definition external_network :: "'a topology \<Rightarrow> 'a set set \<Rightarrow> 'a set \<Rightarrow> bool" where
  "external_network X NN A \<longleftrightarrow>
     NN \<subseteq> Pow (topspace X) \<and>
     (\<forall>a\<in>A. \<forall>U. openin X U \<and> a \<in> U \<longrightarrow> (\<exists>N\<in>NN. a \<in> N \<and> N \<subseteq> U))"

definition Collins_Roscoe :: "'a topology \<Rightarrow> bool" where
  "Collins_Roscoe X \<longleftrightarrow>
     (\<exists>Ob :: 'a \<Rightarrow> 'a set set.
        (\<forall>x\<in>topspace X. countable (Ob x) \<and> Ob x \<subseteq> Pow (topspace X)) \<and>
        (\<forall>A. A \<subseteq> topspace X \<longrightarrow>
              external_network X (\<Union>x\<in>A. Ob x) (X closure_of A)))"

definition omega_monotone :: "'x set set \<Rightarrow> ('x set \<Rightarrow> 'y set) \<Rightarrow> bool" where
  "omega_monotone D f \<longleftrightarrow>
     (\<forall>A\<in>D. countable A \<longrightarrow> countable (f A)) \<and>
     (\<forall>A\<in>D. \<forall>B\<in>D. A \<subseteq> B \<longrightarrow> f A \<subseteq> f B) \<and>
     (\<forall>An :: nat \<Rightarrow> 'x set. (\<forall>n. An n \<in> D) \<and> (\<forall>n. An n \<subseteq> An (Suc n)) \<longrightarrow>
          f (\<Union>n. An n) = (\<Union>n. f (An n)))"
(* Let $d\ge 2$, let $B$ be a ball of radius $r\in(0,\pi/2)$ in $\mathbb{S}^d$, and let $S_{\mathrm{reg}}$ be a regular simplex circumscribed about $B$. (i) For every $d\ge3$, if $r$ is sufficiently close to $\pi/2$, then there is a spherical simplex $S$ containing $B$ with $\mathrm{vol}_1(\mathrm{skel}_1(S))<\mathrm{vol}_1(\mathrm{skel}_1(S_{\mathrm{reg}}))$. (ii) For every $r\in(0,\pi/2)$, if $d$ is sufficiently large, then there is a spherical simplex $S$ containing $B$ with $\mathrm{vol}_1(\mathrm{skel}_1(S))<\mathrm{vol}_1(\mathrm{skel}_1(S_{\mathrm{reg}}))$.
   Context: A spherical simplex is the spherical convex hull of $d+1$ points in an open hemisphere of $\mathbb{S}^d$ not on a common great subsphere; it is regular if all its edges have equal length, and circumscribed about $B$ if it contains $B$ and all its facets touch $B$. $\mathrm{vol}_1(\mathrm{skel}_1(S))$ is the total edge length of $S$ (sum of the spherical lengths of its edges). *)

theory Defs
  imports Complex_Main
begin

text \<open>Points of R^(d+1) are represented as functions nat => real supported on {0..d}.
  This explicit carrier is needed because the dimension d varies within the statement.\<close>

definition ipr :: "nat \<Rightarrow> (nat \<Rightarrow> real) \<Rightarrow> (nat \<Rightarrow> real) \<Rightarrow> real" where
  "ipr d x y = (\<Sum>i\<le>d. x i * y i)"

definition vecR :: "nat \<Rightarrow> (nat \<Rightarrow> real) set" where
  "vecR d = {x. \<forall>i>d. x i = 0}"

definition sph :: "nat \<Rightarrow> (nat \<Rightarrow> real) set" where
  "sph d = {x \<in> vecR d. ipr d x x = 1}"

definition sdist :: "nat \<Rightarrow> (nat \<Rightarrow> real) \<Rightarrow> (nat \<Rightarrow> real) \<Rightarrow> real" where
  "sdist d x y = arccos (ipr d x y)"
----------------------------------------
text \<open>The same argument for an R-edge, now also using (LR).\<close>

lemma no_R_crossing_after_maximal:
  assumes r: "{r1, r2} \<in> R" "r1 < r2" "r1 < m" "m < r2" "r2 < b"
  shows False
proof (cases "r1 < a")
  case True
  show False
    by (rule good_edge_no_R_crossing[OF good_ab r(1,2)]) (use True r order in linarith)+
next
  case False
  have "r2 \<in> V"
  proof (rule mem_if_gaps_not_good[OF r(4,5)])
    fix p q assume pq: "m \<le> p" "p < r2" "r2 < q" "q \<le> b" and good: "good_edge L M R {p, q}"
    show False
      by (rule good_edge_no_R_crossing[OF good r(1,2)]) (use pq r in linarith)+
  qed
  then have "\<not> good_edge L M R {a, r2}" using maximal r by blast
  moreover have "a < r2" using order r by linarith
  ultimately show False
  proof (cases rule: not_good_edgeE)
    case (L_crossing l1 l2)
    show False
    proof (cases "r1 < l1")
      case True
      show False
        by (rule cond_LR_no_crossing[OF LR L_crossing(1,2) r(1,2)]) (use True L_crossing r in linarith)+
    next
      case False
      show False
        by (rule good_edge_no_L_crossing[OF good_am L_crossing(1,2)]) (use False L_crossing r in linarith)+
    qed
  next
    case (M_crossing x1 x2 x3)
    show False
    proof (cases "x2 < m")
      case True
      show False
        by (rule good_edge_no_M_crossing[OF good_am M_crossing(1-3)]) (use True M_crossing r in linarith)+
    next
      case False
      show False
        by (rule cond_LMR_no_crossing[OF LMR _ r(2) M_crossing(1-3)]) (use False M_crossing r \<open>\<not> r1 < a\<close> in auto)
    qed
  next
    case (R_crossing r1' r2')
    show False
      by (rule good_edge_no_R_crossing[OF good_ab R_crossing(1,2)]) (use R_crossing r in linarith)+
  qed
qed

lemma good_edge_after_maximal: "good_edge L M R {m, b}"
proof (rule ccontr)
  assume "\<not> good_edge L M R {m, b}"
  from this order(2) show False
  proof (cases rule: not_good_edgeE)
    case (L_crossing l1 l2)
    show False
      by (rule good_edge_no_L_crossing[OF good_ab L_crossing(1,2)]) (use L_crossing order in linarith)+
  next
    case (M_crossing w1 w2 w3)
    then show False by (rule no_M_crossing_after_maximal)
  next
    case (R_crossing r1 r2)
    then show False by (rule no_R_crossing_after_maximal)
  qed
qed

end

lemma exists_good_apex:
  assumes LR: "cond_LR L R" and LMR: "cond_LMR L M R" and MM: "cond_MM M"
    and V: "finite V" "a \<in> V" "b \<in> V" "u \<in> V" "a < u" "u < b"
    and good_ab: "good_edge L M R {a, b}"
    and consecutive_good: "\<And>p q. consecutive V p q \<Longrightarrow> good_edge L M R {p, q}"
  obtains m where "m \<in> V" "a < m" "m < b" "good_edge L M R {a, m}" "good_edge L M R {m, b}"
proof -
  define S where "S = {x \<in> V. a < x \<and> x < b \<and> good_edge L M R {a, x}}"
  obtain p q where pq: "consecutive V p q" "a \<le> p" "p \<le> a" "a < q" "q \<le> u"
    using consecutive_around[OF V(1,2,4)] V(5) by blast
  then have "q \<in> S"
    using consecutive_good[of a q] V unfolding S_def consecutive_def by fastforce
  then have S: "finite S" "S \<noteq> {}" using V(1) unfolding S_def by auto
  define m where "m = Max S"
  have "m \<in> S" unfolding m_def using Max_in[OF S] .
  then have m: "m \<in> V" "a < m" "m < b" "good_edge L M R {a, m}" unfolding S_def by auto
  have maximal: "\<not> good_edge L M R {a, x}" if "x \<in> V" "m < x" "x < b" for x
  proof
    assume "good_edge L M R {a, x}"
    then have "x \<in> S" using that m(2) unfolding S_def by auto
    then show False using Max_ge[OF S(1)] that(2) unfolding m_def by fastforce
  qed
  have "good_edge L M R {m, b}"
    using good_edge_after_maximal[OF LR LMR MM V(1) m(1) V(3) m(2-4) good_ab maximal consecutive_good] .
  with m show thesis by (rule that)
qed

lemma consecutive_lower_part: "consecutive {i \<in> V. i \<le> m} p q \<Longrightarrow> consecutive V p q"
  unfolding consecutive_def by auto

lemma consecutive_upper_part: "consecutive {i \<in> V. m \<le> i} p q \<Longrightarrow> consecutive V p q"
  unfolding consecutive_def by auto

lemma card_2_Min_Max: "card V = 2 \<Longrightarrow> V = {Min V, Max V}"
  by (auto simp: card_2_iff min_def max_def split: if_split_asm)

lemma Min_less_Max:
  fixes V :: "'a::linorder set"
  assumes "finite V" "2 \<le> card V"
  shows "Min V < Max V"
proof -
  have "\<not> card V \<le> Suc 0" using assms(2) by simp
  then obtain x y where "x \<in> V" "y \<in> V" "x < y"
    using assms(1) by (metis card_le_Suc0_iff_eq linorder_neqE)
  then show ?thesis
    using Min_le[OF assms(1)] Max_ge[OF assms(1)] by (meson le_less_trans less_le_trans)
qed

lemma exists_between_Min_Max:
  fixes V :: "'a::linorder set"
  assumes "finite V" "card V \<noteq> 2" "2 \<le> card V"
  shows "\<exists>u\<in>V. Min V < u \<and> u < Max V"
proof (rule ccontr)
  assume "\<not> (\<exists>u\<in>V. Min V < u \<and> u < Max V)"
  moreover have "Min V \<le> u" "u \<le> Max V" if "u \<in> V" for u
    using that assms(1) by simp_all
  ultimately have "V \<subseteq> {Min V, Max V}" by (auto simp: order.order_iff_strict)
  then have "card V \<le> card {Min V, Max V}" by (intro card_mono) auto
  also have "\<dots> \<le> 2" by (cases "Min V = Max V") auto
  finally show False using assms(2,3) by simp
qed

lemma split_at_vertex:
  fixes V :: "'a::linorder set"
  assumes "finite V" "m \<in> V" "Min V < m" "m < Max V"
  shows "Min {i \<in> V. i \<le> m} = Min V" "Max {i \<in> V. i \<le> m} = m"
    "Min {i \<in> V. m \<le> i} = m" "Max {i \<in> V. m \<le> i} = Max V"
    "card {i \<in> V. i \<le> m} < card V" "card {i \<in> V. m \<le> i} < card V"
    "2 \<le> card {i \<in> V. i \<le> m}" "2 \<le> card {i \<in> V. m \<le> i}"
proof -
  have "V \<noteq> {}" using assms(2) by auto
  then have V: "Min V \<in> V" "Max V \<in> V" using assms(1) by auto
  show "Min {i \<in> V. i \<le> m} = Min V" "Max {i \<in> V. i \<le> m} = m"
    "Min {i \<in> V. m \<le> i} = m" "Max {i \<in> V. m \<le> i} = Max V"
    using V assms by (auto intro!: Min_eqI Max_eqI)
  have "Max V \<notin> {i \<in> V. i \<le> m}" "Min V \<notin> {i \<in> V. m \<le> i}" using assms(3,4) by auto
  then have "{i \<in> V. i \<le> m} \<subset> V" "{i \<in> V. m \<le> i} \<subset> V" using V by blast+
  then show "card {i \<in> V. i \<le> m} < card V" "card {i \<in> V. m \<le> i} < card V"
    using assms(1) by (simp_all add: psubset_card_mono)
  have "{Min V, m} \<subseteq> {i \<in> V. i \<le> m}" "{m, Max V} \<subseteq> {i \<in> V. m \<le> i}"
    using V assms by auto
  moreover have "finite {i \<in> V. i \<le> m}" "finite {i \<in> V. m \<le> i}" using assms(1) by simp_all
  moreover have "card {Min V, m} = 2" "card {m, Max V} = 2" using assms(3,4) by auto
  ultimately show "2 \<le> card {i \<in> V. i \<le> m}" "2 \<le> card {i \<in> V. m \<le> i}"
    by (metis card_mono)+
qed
----------------------------------------
Task prompt: Say how many lines in the records hold the string "True", please, and add no other words.

Response: 6